> [Activity] Word for word, set down every line of the entries below from the line with "by (auto simp: linear_add" to the line with "by (intro add_mono mult_left_mono) auto", including both, and no other line.

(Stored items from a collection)
■ ■ ■ ■ ■ ■ ■

(* Let $U\subset \mathbb R^n$ and $V\subset \mathbb R^m$ be open and let $f:U\times V\to \mathbb R$ be upper-semicontinuous and bounded. Suppose $f$ is $\kappa$-semiconcave for some $\kappa>0$, i.e. $(x,y)\mapsto f(x,y)-\frac\kappa2(\|x\|^2+\|y\|^2)$ is concave. Then for every $0<\epsilon<\kappa^{-1}$ and every fixed $x\in U$, the function $y\mapsto f^{\epsilon,p}(x,y)-\frac{\kappa}{2} \|y\|^2$ is concave on $V$, where $f^{\epsilon,p}(x,y)= \sup_{z\in U} \{ f(z,y) - \frac{1}{2\epsilon} \| z-x\|^2\}$. *)

theory Defs
  imports "HOL-Analysis.Analysis"
begin

definition upper_semicontinuous_on :: "'a::topological_space set \<Rightarrow> ('a \<Rightarrow> real) \<Rightarrow> bool" where
  "upper_semicontinuous_on S f \<longleftrightarrow>
     (\<forall>p\<in>S. \<forall>e>0. eventually (\<lambda>q. f q < f p + e) (at p within S))"

definition sup_conv_fst ::
  "real \<Rightarrow> 'a::real_normed_vector set \<Rightarrow> ('a \<times> 'b \<Rightarrow> real) \<Rightarrow> 'a \<Rightarrow> 'b \<Rightarrow> real" where
  "sup_conv_fst eps U f x y = (SUP z\<in>U. f (z, y) - (norm (z - x))\<^sup>2 / (2 * eps))"

end

theory Submission
  imports Defs
begin

text \<open>Up to the term \<open>-\<kappa>/2 \<parallel>y\<parallel>\<^sup>2\<close>, the function maximised in the sup-convolution is
  \<open>(z, y) \<mapsto> [f(z,y) - \<kappa>/2 (\<parallel>z\<parallel>\<^sup>2 + \<parallel>y\<parallel>\<^sup>2)] + [\<kappa>/2 \<parallel>z\<parallel>\<^sup>2 - \<parallel>z - x\<parallel>\<^sup>2/(2\<epsilon>)]\<close>,
  a sum of two jointly concave functions: the first by semiconcavity, the second because
  \<open>1/(2\<epsilon>) \<ge> \<kappa>/2\<close>. Maximising a jointly concave function over one variable gives a concave
  function of the other, provided the supremum is finite, which boundedness of \<open>f\<close> ensures.\<close>

lemma power2_norm_convex_combination:
  fixes a b :: "'a::real_inner"
  assumes "u + v = 1"
  shows "u * (norm a)\<^sup>2 + v * (norm b)\<^sup>2 - (norm (u *\<^sub>R a + v *\<^sub>R b))\<^sup>2 = u * v * (norm (a - b))\<^sup>2"
proof -
  have v: "v = 1 - u" using assms by simp
  show ?thesis unfolding v power2_norm_eq_inner
    by (simp add: inner_add inner_diff inner_commute algebra_simps power2_eq_square)
qed

lemma concave_on_power2_norm_diff:
  fixes x :: "'a::real_inner" and c d :: real
  assumes "c \<le> d"
  shows "concave_on UNIV (\<lambda>z. c * (norm z)\<^sup>2 - d * (norm (z - x))\<^sup>2)"
    (is "concave_on UNIV ?q")
  unfolding concave_on_iff
proof (intro conjI convex_UNIV ballI allI impI)
  fix a b :: 'a and u v :: real
  assume "u \<ge> 0" "v \<ge> 0" and uv: "u + v = 1"
  have "u *\<^sub>R a + v *\<^sub>R b - x = u *\<^sub>R (a - x) + v *\<^sub>R (b - x)"
    using uv by (simp add: algebra_simps flip: scaleR_add_left)
  then have combination_shifted:
    "u * (norm (a - x))\<^sup>2 + v * (norm (b - x))\<^sup>2 - (norm (u *\<^sub>R a + v *\<^sub>R b - x))\<^sup>2
      = u * v * (norm (a - b))\<^sup>2"
    using power2_norm_convex_combination[OF uv, of "a - x" "b - x"] by simp
  have "u * ?q a + v * ?q b - ?q (u *\<^sub>R a + v *\<^sub>R b)
      = c * (u * (norm a)\<^sup>2 + v * (norm b)\<^sup>2 - (norm (u *\<^sub>R a + v *\<^sub>R b))\<^sup>2)
        - d * (u * (norm (a - x))\<^sup>2 + v * (norm (b - x))\<^sup>2 - (norm (u *\<^sub>R a + v *\<^sub>R b - x))\<^sup>2)"
    by (simp add: algebra_simps)
  also have "\<dots> = (c - d) * (u * v * (norm (a - b))\<^sup>2)"
    unfolding power2_norm_convex_combination[OF uv] combination_shifted by (simp add: algebra_simps)
  also have "\<dots> \<le> 0"
    using assms \<open>u \<ge> 0\<close> \<open>v \<ge> 0\<close> by (simp add: mult_nonpos_nonneg)
  finally show "u * ?q a + v * ?q b \<le> ?q (u *\<^sub>R a + v *\<^sub>R b)"
    by simp
qed

lemma concave_on_compose_linear:
  assumes "concave_on T q" and "linear h" and "convex S" and "h ` S \<subseteq> T"
  shows "concave_on S (\<lambda>x. q (h x))"
  using assms unfolding concave_on_iff
  by (auto simp: linear_add linear_scale image_subset_iff)

lemma concave_on_cong:
  assumes "\<And>x. x \<in> S \<Longrightarrow> f x = g x"
  shows "concave_on S f \<longleftrightarrow> concave_on S g"
  using assms unfolding concave_on_iff convex_def by auto

lemma convex_combination_SUP_le:
  fixes h k :: "'a \<Rightarrow> real"
  assumes "U \<noteq> {}" and "bdd_above (h ` U)" and "bdd_above (k ` U)"
    and "u \<ge> 0" and "v \<ge> 0" and "u + v = 1"
    and bound: "\<And>z1 z2. z1 \<in> U \<Longrightarrow> z2 \<in> U \<Longrightarrow> u * h z1 + v * k z2 \<le> R"
  shows "u * (SUP z\<in>U. h z) + v * (SUP z\<in>U. k z) \<le> R"
proof (rule field_le_epsilon)
  fix e :: real
  assume "e > 0"
  obtain z1 where "z1 \<in> U" "(SUP z\<in>U. h z) - e < h z1"
    using less_cSUP_iff[OF assms(1,2), of "(SUP z\<in>U. h z) - e"] \<open>e > 0\<close> by auto
  obtain z2 where "z2 \<in> U" "(SUP z\<in>U. k z) - e < k z2"
    using less_cSUP_iff[OF assms(1,3), of "(SUP z\<in>U. k z) - e"] \<open>e > 0\<close> by auto
  have "u * ((SUP z\<in>U. h z) - e) + v * ((SUP z\<in>U. k z) - e) \<le> u * h z1 + v * k z2"
    using assms(4,5) \<open>(SUP z\<in>U. h z) - e < h z1\<close> \<open>(SUP z\<in>U. k z) - e < k z2\<close>
    by (intro add_mono mult_left_mono) auto
  moreover have "u * ((SUP z\<in>U. h z) - e) + v * ((SUP z\<in>U. k z) - e)
      = u * (SUP z\<in>U. h z) + v * (SUP z\<in>U. k z) - e"
    using \<open>u + v = 1\<close> by (simp add: algebra_simps flip: distrib_left)
  ultimately show "u * (SUP z\<in>U. h z) + v * (SUP z\<in>U. k z) \<le> R + e"
    using bound[OF \<open>z1 \<in> U\<close> \<open>z2 \<in> U\<close>] by linarith
qed

lemma concave_on_SUP_fst:
  fixes g :: "'a::real_vector \<times> 'b::real_vector \<Rightarrow> real"
  assumes conc: "concave_on (U \<times> V) g" and "U \<noteq> {}"
    and bdd: "\<And>y. y \<in> V \<Longrightarrow> bdd_above ((\<lambda>z. g (z, y)) ` U)"
  shows "concave_on V (\<lambda>y. SUP z\<in>U. g (z, y))"
proof -
  have "convex (U \<times> V)"
    using conc by (rule concave_on_imp_convex)
  moreover have "V = snd ` (U \<times> V)"
    using \<open>U \<noteq> {}\<close> by force
  ultimately have "convex V"
    by (metis convex_linear_image linear_snd)
  show ?thesis unfolding concave_on_iff
  proof (intro conjI \<open>convex V\<close> ballI allI impI)
    fix y1 y2 and u v :: real
    assume y: "y1 \<in> V" "y2 \<in> V" and uv: "u \<ge> 0" "v \<ge> 0" "u + v = 1"
    have "u *\<^sub>R y1 + v *\<^sub>R y2 \<in> V"
      using \<open>convex V\<close> y uv unfolding convex_def by blast
    show "u * (SUP z\<in>U. g (z, y1)) + v * (SUP z\<in>U. g (z, y2)) \<le> (SUP z\<in>U. g (z, u *\<^sub>R y1 + v *\<^sub>R y2))"
    proof (rule convex_combination_SUP_le[OF \<open>U \<noteq> {}\<close> bdd[OF \<open>y1 \<in> V\<close>] bdd[OF \<open>y2 \<in> V\<close>] uv])
      fix z1 z2 assume "z1 \<in> U" "z2 \<in> U"
      then have in_UV: "(z1, y1) \<in> U \<times> V" "(z2, y2) \<in> U \<times> V"
        using y by auto
      then have "u *\<^sub>R (z1, y1) + v *\<^sub>R (z2, y2) \<in> U \<times> V"
        using \<open>convex (U \<times> V)\<close> uv unfolding convex_def by blast
      then have "u *\<^sub>R z1 + v *\<^sub>R z2 \<in> U"
        by simp
      have "u * g (z1, y1) + v * g (z2, y2) \<le> g (u *\<^sub>R (z1, y1) + v *\<^sub>R (z2, y2))"
        using conc in_UV uv unfolding concave_on_iff by blast
      also have "\<dots> = g (u *\<^sub>R z1 + v *\<^sub>R z2, u *\<^sub>R y1 + v *\<^sub>R y2)"
        by simp
      also have "\<dots> \<le> (SUP z\<in>U. g (z, u *\<^sub>R y1 + v *\<^sub>R y2))"
        using bdd[OF \<open>u *\<^sub>R y1 + v *\<^sub>R y2 \<in> V\<close>] \<open>u *\<^sub>R z1 + v *\<^sub>R z2 \<in> U\<close> by (rule cSUP_upper2) simp
      finally show "u * g (z1, y1) + v * g (z2, y2) \<le> (SUP z\<in>U. g (z, u *\<^sub>R y1 + v *\<^sub>R y2))" .
    qed
  qed
qed

lemma concave_on_sup_conv_fst_terms:
  fixes f :: "'a::real_inner \<times> 'b::real_inner \<Rightarrow> real"
  assumes semiconcave: "concave_on (U \<times> V) (\<lambda>(z, y). f (z, y) - \<kappa> / 2 * ((norm z)\<^sup>2 + (norm y)\<^sup>2))"
    and "0 < \<epsilon>" and "\<kappa> * \<epsilon> \<le> 1"
  shows "concave_on (U \<times> V) (\<lambda>(z, y). - \<kappa> / 2 * (norm y)\<^sup>2 + (f (z, y) - (norm (z - x))\<^sup>2 / (2 * \<epsilon>)))"
proof -
  have "\<kappa> / 2 \<le> 1 / (2 * \<epsilon>)"
    using assms(2,3) by (simp add: field_simps)
  then have "concave_on (U \<times> V) (\<lambda>p. \<kappa> / 2 * (norm (fst p))\<^sup>2 - 1 / (2 * \<epsilon>) * (norm (fst p - x))\<^sup>2)"
    using concave_on_imp_convex[OF semiconcave]
    by (intro concave_on_compose_linear[OF concave_on_power2_norm_diff linear_fst]) auto
  from concave_on_add[OF semiconcave this] show ?thesis
    by (rule rev_iffD1[OF _ concave_on_cong]) (auto simp: field_simps)
qed

lemma bdd_above_sup_conv_fst_terms:
  assumes "bounded (f ` (U \<times> V))" and "0 < \<epsilon>" and "y \<in> V"
  shows "bdd_above ((\<lambda>z. f (z, y) - (norm (z - x))\<^sup>2 / (2 * \<epsilon>)) ` U)"
proof -
  obtain B where B: "\<And>p. p \<in> U \<times> V \<Longrightarrow> \<bar>f p\<bar> \<le> B"
    using assms(1) unfolding bounded_iff by auto
  show ?thesis
  proof (rule bdd_aboveI2)
    fix z assume "z \<in> U"
    then have "f (z, y) \<le> B"
      using B[of "(z, y)"] \<open>y \<in> V\<close> by auto
    moreover have "(norm (z - x))\<^sup>2 / (2 * \<epsilon>) \<ge> 0"
      using \<open>0 < \<epsilon>\<close> by simp
    ultimately show "f (z, y) - (norm (z - x))\<^sup>2 / (2 * \<epsilon>) \<le> B"
      by linarith
  qed
qed

theorem lemma4p3:
  fixes U :: "(real ^ 'n) set" and V :: "(real ^ 'm) set"
    and f :: "(real ^ 'n) \<times> (real ^ 'm) \<Rightarrow> real"
    and \<kappa> \<epsilon> :: real and x :: "real ^ 'n"
  assumes "open U" and "open V"
    and "upper_semicontinuous_on (U \<times> V) f"
    and "bounded (f ` (U \<times> V))"
    and "\<kappa> > 0"
    and "concave_on (U \<times> V) (\<lambda>(x, y). f (x, y) - \<kappa> / 2 * ((norm x)\<^sup>2 + (norm y)\<^sup>2))"
    and "0 < \<epsilon>" and "\<epsilon> < 1 / \<kappa>"
    and "x \<in> U"
  shows "concave_on V (\<lambda>y. sup_conv_fst \<epsilon> U f x y - \<kappa> / 2 * (norm y)\<^sup>2)"
proof -
  define g where "g = (\<lambda>(z, y). - \<kappa> / 2 * (norm y)\<^sup>2 + (f (z, y) - (norm (z - x))\<^sup>2 / (2 * \<epsilon>)))"
  have "\<kappa> * \<epsilon> \<le> 1"
    using assms(5,8) by (simp add: field_simps)
  then have "concave_on (U \<times> V) g"
    unfolding g_def by (rule concave_on_sup_conv_fst_terms[OF assms(6,7)])
  note bdd = bdd_above_sup_conv_fst_terms[OF assms(4,7)]
  have "bdd_above ((\<lambda>z. g (z, y)) ` U)" if "y \<in> V" for y
    using bdd_above_image_mono[OF mono_add bdd[OF that], of "- \<kappa> / 2 * (norm y)\<^sup>2"]
    unfolding g_def image_image case_prod_conv .
  with \<open>concave_on (U \<times> V) g\<close> have concave_SUP: "concave_on V (\<lambda>y. SUP z\<in>U. g (z, y))"
    using assms(9) by (intro concave_on_SUP_fst) auto
  have SUP_eq: "(SUP z\<in>U. g (z, y)) = sup_conv_fst \<epsilon> U f x y - \<kappa> / 2 * (norm y)\<^sup>2" if "y \<in> V" for y
  proof -
    have "(SUP z\<in>U. g (z, y)) = - \<kappa> / 2 * (norm y)\<^sup>2 + (SUP z\<in>U. f (z, y) - (norm (z - x))\<^sup>2 / (2 * \<epsilon>))"
      unfolding g_def case_prod_conv using assms(9) by (intro Sup_add_eq[OF bdd[OF that]]) auto
    then show ?thesis
      by (simp add: sup_conv_fst_def)
  qed
  from concave_SUP show ?thesis
    by (rule rev_iffD1[OF _ concave_on_cong[OF SUP_eq]])
qed

end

■ ■ ■ ■ ■ ■ ■

> [Response]
  by (auto simp: linear_add linear_scale image_subset_iff)

lemma concave_on_cong:
  assumes "\<And>x. x \<in> S \<Longrightarrow> f x = g x"
  shows "concave_on S f \<longleftrightarrow> concave_on S g"
  using assms unfolding concave_on_iff convex_def by auto

lemma convex_combination_SUP_le:
  fixes h k :: "'a \<Rightarrow> real"
  assumes "U \<noteq> {}" and "bdd_above (h ` U)" and "bdd_above (k ` U)"
    and "u \<ge> 0" and "v \<ge> 0" and "u + v = 1"
    and bound: "\<And>z1 z2. z1 \<in> U \<Longrightarrow> z2 \<in> U \<Longrightarrow> u * h z1 + v * k z2 \<le> R"
  shows "u * (SUP z\<in>U. h z) + v * (SUP z\<in>U. k z) \<le> R"
proof (rule field_le_epsilon)
  fix e :: real
  assume "e > 0"
  obtain z1 where "z1 \<in> U" "(SUP z\<in>U. h z) - e < h z1"
    using less_cSUP_iff[OF assms(1,2), of "(SUP z\<in>U. h z) - e"] \<open>e > 0\<close> by auto
  obtain z2 where "z2 \<in> U" "(SUP z\<in>U. k z) - e < k z2"
    using less_cSUP_iff[OF assms(1,3), of "(SUP z\<in>U. k z) - e"] \<open>e > 0\<close> by auto
  have "u * ((SUP z\<in>U. h z) - e) + v * ((SUP z\<in>U. k z) - e) \<le> u * h z1 + v * k z2"
    using assms(4,5) \<open>(SUP z\<in>U. h z) - e < h z1\<close> \<open>(SUP z\<in>U. k z) - e < k z2\<close>
    by (intro add_mono mult_left_mono) auto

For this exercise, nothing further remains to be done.